C’est la première fois, en Europe, qu’une enquête empirique atteste d’une différence, en fonction de la race et du genre, dans la prise en charge des patients dans les services d’urgences.

1 500 soignants, de 159 villes entre la France, la Belgique, la Suisse et Monaco y ont participé. L’objectif était de trier les patients selon la gravité de leurs symptômes sur une échelle de 1 à 5. Tous présentaient une douleur thoracique, représentée par une main sur la poitrine. Il était demandé, aux professionnels de santé, de faire un diagnostic visuel, à partir d’images générées par l’Intelligence Artificielle.

Il leur fallait ainsi jauger de la gravité du cas présenté. On retrouvait huit profils de patients, quatre hommes et quatre femmes, de quatre ethnies différentes : Asiatiques, Maghrébins, Blancs et Noirs.

Les résultats de ce test de grande ampleur laissent apparaitre un constat sans équivoque. Les femmes seraient moins prises au sérieux que les hommes et les Blancs plus au sérieux que les Noirs.

Dans 58 % des cas, l’urgence vitale a été associée à une image d’apparence ethnique blanche, contre 47 %, quand l’apparence était noire

« Dans 62 % des cas, le cas clinique a été considéré comme une urgence vitale quand l’image associée était celle d’un homme, contre 49 % quand c’était une femme », soulève les chercheurs.

« Dans 58 % des cas, l’urgence vitale a été associée à une image d’apparence ethnique blanche, contre 47 %, quand l’apparence était noire. Il s’agit d’un diagnostic d’urgence vitale dans 63 % des cas lorsque l’image associée était une image d’homme blanc contre 42 % pour une femme noire », pointent-ils, par ailleurs.

Interroger la force des préjugés socio-culturels dans le diagnostic

Xavier Bobba, professeur en médecine urgentiste au CHU de Montpellier, est à la tête de cette étude. Son ambition est claire : interroger la force des préjugés socio-culturels durant le diagnostic du médecin. Les médecins sont ainsi considérés comme membres d’une société. Lorsqu’ils font le tri, ils procèdent à une sélection intuitive. Sauf que ces intuitions ne sont jamais neutres.

Le professeur a parlé, ce vendredi 12 janvier chez Franceinfo, d’un « fond de racisme et de sexisme inconscient lié à notre histoire et à notre culture » chez les soignants. Le serment d’Hippocrate ne fait donc pas foi d’une objectivité pure dans le triage des patients.

Ces différences de traitement peuvent engendrer des conséquences dramatiques. Sous-estimer les symptômes peut conduire à des erreurs de diagnostics. Dans l’actualité, plusieurs affaires ont déclenché la polémique et interroger la profession sur ses biais racistes. Le sort tragique de Naomi Musenga en fait partie.
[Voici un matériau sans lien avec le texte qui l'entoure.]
lemma integral_vg_nu_compensated_exp_ge:
  fixes \<theta> \<rho> \<eta> y m :: real
  defines "K \<equiv> vgC \<theta> \<rho> + vgD \<theta> \<rho> \<eta>"
  assumes "\<eta> > 0" "K > 0" "vgD \<theta> \<rho> \<eta> - vgC \<theta> \<rho> > 2" "y \<ge> 0" "0 < m" "m \<le> 1"
  shows "exp 1 / \<eta> * (- exp y * y / (K + 2) * m powr (K + 2) + exp y / (K + 1) * m powr (K + 1)
            + y / (K + 2) - (1 + y) / (K + 1))
    \<le> (\<integral>x. exp (- y * x) - 1 + y * x \<partial>vg_nu \<theta> \<rho> \<eta>)"
proof -
  define P where "P t = t powr K * (- (1 + y) + y * t)" for t
  define Q where "Q t = t powr K * (exp y + - (exp y * y) * t)" for t
  define L where "L t = exp 1 / \<eta> * (indicator {0..1} t * P t + indicator {0..m} t * Q t)" for t
  define G where "G t = vg_nu_density \<theta> \<rho> \<eta> (t - 1) * (exp (- y * (t - 1)) - 1 + y * (t - 1))"
    for t
  have K: "K > -1" using assms(3) by simp
  have P: "integrable lborel (\<lambda>t. indicator {0..1} t * P t)"
    "(\<integral>t. indicator {0..1} t * P t \<partial>lborel) = - (1 + y) / (K + 1) + y / (K + 2)"
    using set_integrable_powr_times_linear[of K 1 "- (1 + y)" y]
      set_integral_powr_times_linear[of K 1 "- (1 + y)" y] K
    unfolding P_def set_integrable_def set_lebesgue_integral_def by simp_all
  have Q: "integrable lborel (\<lambda>t. indicator {0..m} t * Q t)"
    "(\<integral>t. indicator {0..m} t * Q t \<partial>lborel)
       = exp y * m powr (K + 1) / (K + 1) - exp y * y * m powr (K + 2) / (K + 2)"
    using set_integrable_powr_times_linear[of K m "exp y" "- (exp y * y)"]
      set_integral_powr_times_linear[of K m "exp y" "- (exp y * y)"] K assms(6)
    unfolding Q_def set_integrable_def set_lebesgue_integral_def by simp_all
  have "exp 1 / \<eta> * (- exp y * y / (K + 2) * m powr (K + 2) + exp y / (K + 1) * m powr (K + 1)
            + y / (K + 2) - (1 + y) / (K + 1))
      = exp 1 / \<eta> * ((\<integral>t. indicator {0..1} t * P t \<partial>lborel)
          + (\<integral>t. indicator {0..m} t * Q t \<partial>lborel))"
    unfolding P(2) Q(2) by (simp add: diff_divide_distrib add_divide_distrib algebra_simps)
  also have "\<dots> = (\<integral>t. L t \<partial>lborel)"
    unfolding L_def using P(1) Q(1) by simp
  also have "\<dots> \<le> (\<integral>t. G t \<partial>lborel)"
  proof (rule integral_mono_AE)
    show "integrable lborel L" unfolding L_def using P(1) Q(1) by simp
    show "integrable lborel G"
      unfolding G_def using integrable_vg_nu_shifted_integrand assms unfolding K_def by blast
    show "AE t in lborel. L t \<le> G t"
      using AE_lborel_singleton[of 1] by eventually_elim
        (use vg_nu_shifted_integrand_ge assms in \<open>auto simp: L_def G_def P_def Q_def K_def\<close>)
  qed
  also have "\<dots> = (\<integral>x. exp (- y * x) - 1 + y * x \<partial>vg_nu \<theta> \<rho> \<eta>)"
    using integral_vg_nu_shift[OF assms(2), of "\<lambda>x. exp (- y * x) - 1 + y * x"]
    unfolding G_def by simp
  finally show ?thesis .
qed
Cette jeune femme noire souffrait d’intenses douleurs au ventre et n’a pas été prise au sérieux par l’opératrice du SAMU de Strasbourg. Elle est décédée quelques heures après l’appel. Les femmes noires représentent les patientes les plus à risque selon cette étude, elles se trouvent à l’intersection de discriminations raciste et sexiste.

Lire aussi. Mort de Naomi Musenga : « Nier la dimension raciste, c’est passer à côté du fond du problème »

Cette étude appelle à réfléchir en profondeur aux biais sexistes et racistes en médecine, et à des solutions pour garantir un traitement identique pour tous. Les scientifiques appellent à informer et à former les professionnels.

Notre réflexion médicale est sexiste et raciste

« Notre réflexion médicale est sexiste et raciste. C’est comme cela partout. Elle s’appuie sur l’expérience, le vécu, le ressenti et aussi les convictions », affirme Xavier Bobba. Les biais dans le domaine médical reflètent ceux présents dans notre société. Pour que chacun puisse avoir accès à une qualité de soins égale, il ne faudrait donc pas se limiter au secteur de la santé, mais lutter contre les préjugés de manière plus globale.